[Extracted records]
↓

lemma relative_densities_derivatives:
  shows "(\<rho> has_real_derivative deriv \<rho> y) (at y)" "(deriv \<rho> has_real_derivative deriv (deriv \<rho>) y) (at y)"
    and "(\<zeta> has_real_derivative deriv \<zeta> y) (at y)" "(deriv \<zeta> has_real_derivative deriv (deriv \<zeta>) y) (at y)"
    and "dy u t y = deriv U y * \<rho> y + U y * deriv \<rho> y"
    and "dyy u t y = deriv (deriv U) y * \<rho> y + 2 * deriv U y * deriv \<rho> y + U y * deriv (deriv \<rho>) y"
    and "dy v t y = deriv U y * \<zeta> y + U y * deriv \<zeta> y"
    and "dyy v t y = deriv (deriv U) y * \<zeta> y + 2 * deriv U y * deriv \<zeta> y + U y * deriv (deriv \<zeta>) y"
proof -
  have dy_eq: "dy w t = deriv (w t)" and dyy_eq: "dyy w t y = deriv (deriv (w t)) y"
    for w :: "real \<Rightarrow> real \<Rightarrow> real"
    by (simp_all add: dy_def[abs_def] dyy_def)
  have "classical u" "classical v" using solution unfolding scaled_solution_def by blast+
  then have "(u t has_real_derivative deriv (u t) z) (at z)" "deriv (u t) differentiable (at z)"
    "(v t has_real_derivative deriv (v t) z) (at z)" "deriv (v t) differentiable (at z)" for z
    using t_pos unfolding classical_def dy_def by (auto simp: DERIV_deriv_iff_real_differentiable)
  from relative_density_derivatives[OF this(1,2) U_has_real_derivative dU_has_real_derivative U_pos]
    relative_density_derivatives[OF this(3,4) U_has_real_derivative dU_has_real_derivative U_pos]
  show "(\<rho> has_real_derivative deriv \<rho> y) (at y)" "(deriv \<rho> has_real_derivative deriv (deriv \<rho>) y) (at y)"
    "(\<zeta> has_real_derivative deriv \<zeta> y) (at y)" "(deriv \<zeta> has_real_derivative deriv (deriv \<zeta>) y) (at y)"
    "dy u t y = deriv U y * \<rho> y + U y * deriv \<rho> y"
    "dyy u t y = deriv (deriv U) y * \<rho> y + 2 * deriv U y * deriv \<rho> y + U y * deriv (deriv \<rho>) y"
    "dy v t y = deriv U y * \<zeta> y + U y * deriv \<zeta> y"
    "dyy v t y = deriv (deriv U) y * \<zeta> y + 2 * deriv U y * deriv \<zeta> y + U y * deriv (deriv \<zeta>) y"
    unfolding dy_eq dyy_eq by blast+
qed

lemma total_flux_has_real_derivative:
  "((\<lambda>y. entropy_flux p d1 U \<rho> y + entropy_flux p d2 U \<zeta> y) has_real_derivative
     dFp p (\<rho> y) * (d1 * dyy u t y + y / 2 * dy u t y)
       + d1 * U y * ddFp p (\<rho> y) * (deriv \<rho> y)\<^sup>2 + U y * Fp p (\<rho> y) / 2
       + \<alpha> * \<Lambda> y * (\<rho> y * dFp p (\<rho> y) - Fp p (\<rho> y))
     + (dFp p (\<zeta> y) * (d2 * dyy v t y + y / 2 * dy v t y)
       + d2 * U y * ddFp p (\<zeta> y) * (deriv \<zeta> y)\<^sup>2 + U y * Fp p (\<zeta> y) / 2
       - \<alpha> * \<Lambda> y * (\<zeta> y * dFp p (\<zeta> y) - Fp p (\<zeta> y)))) (at y)"
proof -
  note flux = entropy_flux_has_real_derivative[OF p_nonzero relative_densities_pos(1)
      relative_densities_derivatives(1,2) U_has_real_derivative dU_has_real_derivative, of d1 y]
    entropy_flux_has_real_derivative[OF p_nonzero relative_densities_pos(2)
      relative_densities_derivatives(3,4) U_has_real_derivative dU_has_real_derivative, of d2 y]
  show ?thesis
    using DERIV_add[OF flux] unfolding relative_densities_derivatives(5-8)
      profile_equation_u profile_equation_v
    by (simp add: algebra_simps)
qed

lemma entropy_production_le:
  "deriv (\<lambda>s. Defs.entropy_density p U V (u s) (v s) y) t
     \<le> - Defs.entropy_density p U V (u t) (v t) y / 2
       + reaction_entropy_production \<alpha> k p (exp t) (\<Lambda> y) (U y) (u t y) (v t y)
       + deriv (\<lambda>y. entropy_flux p d1 U \<rho> y + entropy_flux p d2 U \<zeta> y) y"
proof -
  define S where "S = exp t * \<alpha> * k * (v t y powr \<alpha> - u t y powr \<alpha>)"
  define L where "L = \<alpha> * \<Lambda> y"
  define X\<rho> where "X\<rho> = dFp p (\<rho> y) * (d1 * dyy u t y + y / 2 * dy u t y)"
  define X\<zeta> where "X\<zeta> = dFp p (\<zeta> y) * (d2 * dyy v t y + y / 2 * dy v t y)"
  define D\<rho> where "D\<rho> = d1 * U y * ddFp p (\<rho> y) * (deriv \<rho> y)\<^sup>2"
  define D\<zeta> where "D\<zeta> = d2 * U y * ddFp p (\<zeta> y) * (deriv \<zeta> y)\<^sup>2"
  define H\<rho> where "H\<rho> = \<rho> y * dFp p (\<rho> y) - Fp p (\<rho> y)"
  define H\<zeta> where "H\<zeta> = \<zeta> y * dFp p (\<zeta> y) - Fp p (\<zeta> y)"
  have "classical u" "classical v" using solution unfolding scaled_solution_def by blast+
  then have "deriv (\<lambda>s. Defs.entropy_density p U V (u s) (v s) y) t
      = dFp p (\<rho> y) * (d1 * dyy u t y + y / 2 * dy u t y + S)
        + dFp p (\<zeta> y) * (d2 * dyy v t y + y / 2 * dy v t y - S)"
    using solution t_pos p_nonzero U_pos solution_pos
    unfolding V_eq_U scaled_solution_def classical_def S_def
    by (simp add: entropy_density_time_derivative)
  also have "\<dots> = X\<rho> + X\<zeta> + S * (dFp p (\<rho> y) - dFp p (\<zeta> y))"
    unfolding X\<rho>_def X\<zeta>_def by (simp add: algebra_simps)
  finally have time_derivative: "deriv (\<lambda>s. Defs.entropy_density p U V (u s) (v s) y) t
      = X\<rho> + X\<zeta> + S * (dFp p (\<rho> y) - dFp p (\<zeta> y))" .
  have flux_derivative: "deriv (\<lambda>y. entropy_flux p d1 U \<rho> y + entropy_flux p d2 U \<zeta> y) y
      = X\<rho> + D\<rho> + U y * Fp p (\<rho> y) / 2 + L * H\<rho> + (X\<zeta> + D\<zeta> + U y * Fp p (\<zeta> y) / 2 - L * H\<zeta>)"
    unfolding X\<rho>_def X\<zeta>_def D\<rho>_def D\<zeta>_def H\<rho>_def H\<zeta>_def L_def
    by (rule DERIV_imp_deriv[OF total_flux_has_real_derivative])
  have legendre: "H\<rho> = (\<rho> y powr p - 1) / p" "H\<zeta> = (\<zeta> y powr p - 1) / p"
    unfolding H\<rho>_def H\<zeta>_def
    by (rule Fp_legendre[OF p_nonzero relative_densities_pos(1)],
        rule Fp_legendre[OF p_nonzero relative_densities_pos(2)])
  have reaction: "reaction_entropy_production \<alpha> k p (exp t) (\<Lambda> y) (U y) (u t y) (v t y)
      = L * H\<zeta> - L * H\<rho> + S * (dFp p (\<rho> y) - dFp p (\<zeta> y))"
    unfolding legendre by (simp add: reaction_entropy_production_def L_def S_def diff_divide_distrib algebra_simps)
  have "Defs.entropy_density p U V (u t) (v t) y = U y * Fp p (\<rho> y) + U y * Fp p (\<zeta> y)"
    by (simp add: Defs.entropy_density_def V_eq_U)
  moreover have "0 \<le> D\<rho>" "0 \<le> D\<zeta>"
    using d1_pos d2_pos U_pos[of y] by (simp_all add: D\<rho>_def D\<zeta>_def ddFp_nonneg)
  ultimately show ?thesis
    unfolding time_derivative flux_derivative reaction by linarith
qed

↑

- Your objective
Exactly the lines running from the top of the records to the line that contains "relative_density_derivatives[OF this(3,4) U_has_real_derivative", inclusive, must be set down, and nothing more.

- Answer box
lemma relative_densities_derivatives:
  shows "(\<rho> has_real_derivative deriv \<rho> y) (at y)" "(deriv \<rho> has_real_derivative deriv (deriv \<rho>) y) (at y)"
    and "(\<zeta> has_real_derivative deriv \<zeta> y) (at y)" "(deriv \<zeta> has_real_derivative deriv (deriv \<zeta>) y) (at y)"
    and "dy u t y = deriv U y * \<rho> y + U y * deriv \<rho> y"
    and "dyy u t y = deriv (deriv U) y * \<rho> y + 2 * deriv U y * deriv \<rho> y + U y * deriv (deriv \<rho>) y"
    and "dy v t y = deriv U y * \<zeta> y + U y * deriv \<zeta> y"
    and "dyy v t y = deriv (deriv U) y * \<zeta> y + 2 * deriv U y * deriv \<zeta> y + U y * deriv (deriv \<zeta>) y"
proof -
  have dy_eq: "dy w t = deriv (w t)" and dyy_eq: "dyy w t y = deriv (deriv (w t)) y"
    for w :: "real \<Rightarrow> real \<Rightarrow> real"
    by (simp_all add: dy_def[abs_def] dyy_def)
  have "classical u" "classical v" using solution unfolding scaled_solution_def by blast+
  then have "(u t has_real_derivative deriv (u t) z) (at z)" "deriv (u t) differentiable (at z)"
    "(v t has_real_derivative deriv (v t) z) (at z)" "deriv (v t) differentiable (at z)" for z
    using t_pos unfolding classical_def dy_def by (auto simp: DERIV_deriv_iff_real_differentiable)
  from relative_density_derivatives[OF this(1,2) U_has_real_derivative dU_has_real_derivative U_pos]
    relative_density_derivatives[OF this(3,4) U_has_real_derivative dU_has_real_derivative U_pos]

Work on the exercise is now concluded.